A deafening roar shook the air and ground alike, followed by a wall of dust and ash blasted away by the full force of five Mastodon engines at full thrust. Night became day as the rocket lumbered off the pad, drifting sideways until the gimbals corrected its trajectory, dodging the launch tower by millimetres as it rose on five columns of fire.

Gene pushed his way through the crowd to where Jeb and Val were standing.

“I know that was you, Jeb. What were you thinking?!”

“It was her idea!” Jeb protested.

“What else could we do with it, Gene? Leave it there to rust and leak rocket propellants everywhere? Let it fall over and explode?”

“That’s not the point, Val…” Gene’s heart wasn’t in it and soon he was craning his head skywards to track the rocket’s progress as it climbed towards orbit.

They all watched as the first stage cut off, its tanks drained, only for the second stage to pick up where it left off and continue the ascent. Once it had disappeared over the horizon the doors were closed and sealed; for how long, nobody knew.

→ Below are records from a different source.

lemma degree_message_poly: "degree (message_poly u) + 2 \<le> m * N"
proof -
  have deg: "degree (monom (u e) e) \<le> m * N - 2" if "e \<in> exps" for e
    using degree_monom_le[of "u e" e] exps_bound[OF that] by linarith
  have "degree (message_poly u) \<le> m * N - 2"
    unfolding message_poly_def by (rule degree_sum_le[OF finite_exps]) (use deg in blast)
  moreover have "2 * 2 \<le> m * N"
    using m_ge_2 N_ge_2 by (intro mult_le_mono)
  ultimately show ?thesis
    by linarith
qed

lemma message_poly_coeff:
  assumes "\<And>e. coeff f e \<noteq> 0 \<Longrightarrow> e \<in> exps"
  shows "message_poly (coeff f) = f"
  unfolding message_poly_def by (rule sum_monom_coeff_eq[OF finite_exps assms])

lemma p_power_mem: "i < n \<Longrightarrow> p i ^ N \<in> Ys"
  using p_bij by (auto simp: bij_betw_def)

lemma p_nonzero: "i < n \<Longrightarrow> p i \<noteq> 0"
  using p_power_mem Ys_nonzero_powers N_ge_2 by (fastforce simp: nonzero_powers_def power_0_left)

lemma card_roots: "card {h::'a. h ^ N = 1} = N"
  using N_ge_2 N_dvd_card by (intro card_roots_of_unity) auto

lemma card_points: "card {b. b ^ N \<in> Ys} = n"
  using bij_betw_same_card[OF p_bij] by simp

lemma card_Ys: "card Ys * N = n"
  using card_power_preimage[OF Ys_nonzero_powers] card_roots card_points by simp
lemma nn_integral_abs_mixture_diff_le:
  fixes k :: "'b \<Rightarrow> 'a \<Rightarrow> real" and N :: nat
  assumes M: "sigma_finite_measure M" and F: "finite_measure F"
    and k_meas[measurable]: "(\<lambda>q. k (snd q) (fst q)) \<in> borel_measurable (M \<Otimes>\<^sub>M F)"
    and k_nonneg: "\<And>x p. 0 \<le> k x p"
    and k_int: "\<And>p. p \<in> space M \<Longrightarrow> integrable F (\<lambda>x. k x p)"
    and k_density: "\<And>x. x \<in> space F \<Longrightarrow> (\<integral>\<^sup>+p. ennreal (k x p) \<partial>M) = 1"
    and A: "\<And>j. j \<le> N \<Longrightarrow> A j \<in> sets F" "disjoint_family_on A {0..N}" "space F \<subseteq> (\<Union>j\<in>{0..N}. A j)"
    and z: "\<And>j. j \<in> {1..N} \<Longrightarrow> z j \<in> space F"
  shows "(\<integral>\<^sup>+p. ennreal \<bar>(\<integral>x. k x p \<partial>F) - (\<Sum>j\<in>{1..N}. w j * k (z j) p)\<bar> \<partial>M)
    \<le> emeasure F (A 0)
      + (\<Sum>j\<in>{1..N}. (\<integral>\<^sup>+x. indicator (A j) x * (\<integral>\<^sup>+p. ennreal \<bar>k x p - k (z j) p\<bar> \<partial>M) \<partial>F)
                      + ennreal \<bar>measure F (A j) - w j\<bar>)"
proof -
  have MF: "pair_sigma_finite M F"
    using M F by (simp add: pair_sigma_finite_def finite_measure.axioms(1))
  define a where "a = (\<lambda>p. \<integral>\<^sup>+x. indicator (A 0) x * ennreal (k x p) \<partial>F)"
  define b where "b j = (\<lambda>p. \<integral>\<^sup>+x. indicator (A j) x * ennreal \<bar>k x p - k (z j) p\<bar> \<partial>F)" for j
  define c where "c j = (\<lambda>p. ennreal \<bar>measure F (A j) - w j\<bar> * ennreal (k (z j) p))" for j
  have k_section: "(\<lambda>p. k (z j) p) \<in> borel_measurable M" if "j \<in> {1..N}" for j
    using measurable_compose[OF measurable_Pair2'[OF z[OF that]] k_meas] by simp
  have a: "a \<in> borel_measurable M" "(\<integral>\<^sup>+p. a p \<partial>M) = emeasure F (A 0)"
    using nn_integral_indicator_swap[OF MF, of "A 0" "\<lambda>x p. ennreal (k x p)"] A(1)[of 0]
    by (simp_all add: a_def k_nonneg k_density cong: nn_integral_cong)
  have b: "b j \<in> borel_measurable M"
    "(\<integral>\<^sup>+p. b j p \<partial>M) = (\<integral>\<^sup>+x. indicator (A j) x * (\<integral>\<^sup>+p. ennreal \<bar>k x p - k (z j) p\<bar> \<partial>M) \<partial>F)"
    if "j \<in> {1..N}" for j
    using nn_integral_indicator_swap[OF MF, of "A j" "\<lambda>x p. ennreal \<bar>k x p - k (z j) p\<bar>"]
      A(1)[of j] that k_section[OF that]
    by (simp_all add: b_def measurable_compose[OF measurable_fst k_section[OF that]])
  have c: "c j \<in> borel_measurable M" "(\<integral>\<^sup>+p. c j p \<partial>M) = ennreal \<bar>measure F (A j) - w j\<bar>"
    if "j \<in> {1..N}" for j
    using k_section[OF that] z[OF that] by (simp_all add: c_def nn_integral_cmult k_density)
  have "(\<integral>\<^sup>+p. ennreal \<bar>(\<integral>x. k x p \<partial>F) - (\<Sum>j\<in>{1..N}. w j * k (z j) p)\<bar> \<partial>M)
      \<le> (\<integral>\<^sup>+p. a p + (\<Sum>j\<in>{1..N}. b j p + c j p) \<partial>M)"
    unfolding a_def b_def c_def using abs_integral_diff_quadrature_le[OF F k_int A]
    by (intro nn_integral_mono) (simp add: k_nonneg)
  also have "\<dots> = (\<integral>\<^sup>+p. a p \<partial>M) + (\<Sum>j\<in>{1..N}. (\<integral>\<^sup>+p. b j p \<partial>M) + (\<integral>\<^sup>+p. c j p \<partial>M))"
  proof -
    have bc: "(\<lambda>p. b j p + c j p) \<in> borel_measurable M" if "j \<in> {1..N}" for j
      using b(1)[OF that] c(1)[OF that] by (rule borel_measurable_add)
    then have "(\<integral>\<^sup>+p. a p + (\<Sum>j\<in>{1..N}. b j p + c j p) \<partial>M)
        = (\<integral>\<^sup>+p. a p \<partial>M) + (\<Sum>j\<in>{1..N}. \<integral>\<^sup>+p. b j p + c j p \<partial>M)"
      by (subst nn_integral_add[OF a(1) borel_measurable_sum], assumption)
         (subst nn_integral_sum[OF bc], assumption, rule refl)
    also have "\<dots> = (\<integral>\<^sup>+p. a p \<partial>M) + (\<Sum>j\<in>{1..N}. (\<integral>\<^sup>+p. b j p \<partial>M) + (\<integral>\<^sup>+p. c j p \<partial>M))"
      by (intro arg_cong2[where f="(+)"] refl sum.cong nn_integral_add b(1) c(1))
    finally show ?thesis .
  qed
  also have "\<dots> = emeasure F (A 0)
      + (\<Sum>j\<in>{1..N}. (\<integral>\<^sup>+x. indicator (A j) x * (\<integral>\<^sup>+p. ennreal \<bar>k x p - k (z j) p\<bar> \<partial>M) \<partial>F)
                      + ennreal \<bar>measure F (A j) - w j\<bar>)"
    unfolding a(2) by (intro arg_cong2[where f="(+)"] refl sum.cong b(2) c(2))
  finally show ?thesis .
qed

lemma abs_diff_le_diam: "x \<in> A \<Longrightarrow> y \<in> A \<Longrightarrow> ennreal \<bar>x - y\<bar> \<le> diam A"
  unfolding diam_def by (rule SUP_upper2[where i="(x, y)"]) auto

lemma nn_integral_indicator_le_diam:
  fixes d :: "real \<Rightarrow> ennreal"
  assumes "A \<in> sets F" "z0 \<in> A" "L \<ge> 0"
    and "\<And>x. x \<in> A \<Longrightarrow> d x \<le> ennreal (L * \<bar>x - z0\<bar>)"
  shows "(\<integral>\<^sup>+x. indicator A x * d x \<partial>F) \<le> ennreal L * diam A * emeasure F A"
proof -
  have "indicator A x * d x \<le> ennreal L * diam A * indicator A x" for x
  proof (cases "x \<in> A")
    case True
    have "d x \<le> ennreal L * ennreal \<bar>x - z0\<bar>"
      using assms(4)[OF True] assms(3) by (simp add: ennreal_mult)
    also have "\<dots> \<le> ennreal L * diam A"
      by (intro mult_left_mono abs_diff_le_diam True assms(2)) simp
    finally show ?thesis using True by simp
  qed simp
  then have "(\<integral>\<^sup>+x. indicator A x * d x \<partial>F) \<le> (\<integral>\<^sup>+x. ennreal L * diam A * indicator A x \<partial>F)"
    by (intro nn_integral_mono)
  also have "\<dots> = ennreal L * diam A * emeasure F A"
    using assms(1) by (rule nn_integral_cmult_indicator)
  finally show ?thesis .
qed

lemma sum_mult_emeasure_le_Max:
  fixes c :: "'i \<Rightarrow> ennreal"
  assumes "prob_space F" "finite I" "I \<noteq> {}"
    and "\<And>j. j \<in> I \<Longrightarrow> A j \<in> sets F" "disjoint_family_on A I"
  shows "(\<Sum>j\<in>I. c j * emeasure F (A j)) \<le> (MAX j\<in>I. c j)"
proof -
  have "(\<Sum>j\<in>I. c j * emeasure F (A j)) \<le> (\<Sum>j\<in>I. (MAX j\<in>I. c j) * emeasure F (A j))"
    using assms(2) by (intro sum_mono mult_right_mono) auto
  also have "\<dots> = (MAX j\<in>I. c j) * emeasure F (\<Union>j\<in>I. A j)"
    using assms by (simp add: sum_emeasure image_subset_iff flip: sum_distrib_left)
  also have "\<dots> \<le> (MAX j\<in>I. c j)"
    using prob_space.emeasure_le_1[OF assms(1)] by (intro mult_left_le) simp_all
  finally show ?thesis .
qed

lemma discrete_mix_eq_distr:
  assumes "\<And>j. j \<in> {1..N} \<Longrightarrow> w j \<ge> 0"
  shows "discrete_mix N w z = distr (density (count_space {1..N}) (\<lambda>j. ennreal (w j))) borel z"
proof -
  let ?M = "distr (density (count_space {1..N}) (\<lambda>j. ennreal (w j))) borel z"
  have "?M = measure_of UNIV (sets borel) (emeasure ?M)"
    using measure_of_of_measure[of ?M] by simp
  also have "\<dots> = discrete_mix N w z"
    unfolding discrete_mix_def
  proof (rule measure_of_eq)
    fix B :: "real set"
    assume "B \<in> sigma_sets UNIV (sets borel)"
    then have "B \<in> sets borel"
      using sets.sigma_sets_eq[of borel, unfolded space_borel] by blast
    then have "emeasure ?M B = (\<Sum>j\<in>{1..N}. ennreal (w j) * indicator (z -` B \<inter> {1..N}) j)"
      by (simp add: emeasure_distr emeasure_density nn_integral_count_space_finite)
    also have "\<dots> = (\<Sum>j\<in>{1..N}. ennreal (w j) * indicator B (z j))"
      by (intro sum.cong refl) (auto simp: indicator_def)
    finally show "emeasure ?M B = (\<Sum>j\<in>{1..N}. ennreal (w j) * indicator B (z j))" .
  qed simp
  finally show ?thesis by simp
qed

“What were you going to say if you were first to land on the Mun?” Val asked Jeb.

“Oh, probably something spontaneous like ‘Look, Ma, I’m on the Mun!’. You?”

“I wrote a whole little speech at one point, but I boiled it down to stepping off the ladder and saying: ‘This is a small step for a Kerbal, but a giant leap for Kerbalkind.’”

***

Unseen, unheard, the third stage performed flawlessly, running on the automated scripts uploaded to the flight computers. The command module was released, rotated and towed the lander away from the spent rocket stage before performing the braking burn into munar orbit the next day. The lander undocked, deorbited and finally landed within fifty metres of its target, finding a clear spot in a boulder field. It deployed its solar panels, antennae and cameras, ready for its occupants to take that small-step-that-was-also-a-giant-leap off the end of the ladder.

But it didn't happen.

 

Not yet.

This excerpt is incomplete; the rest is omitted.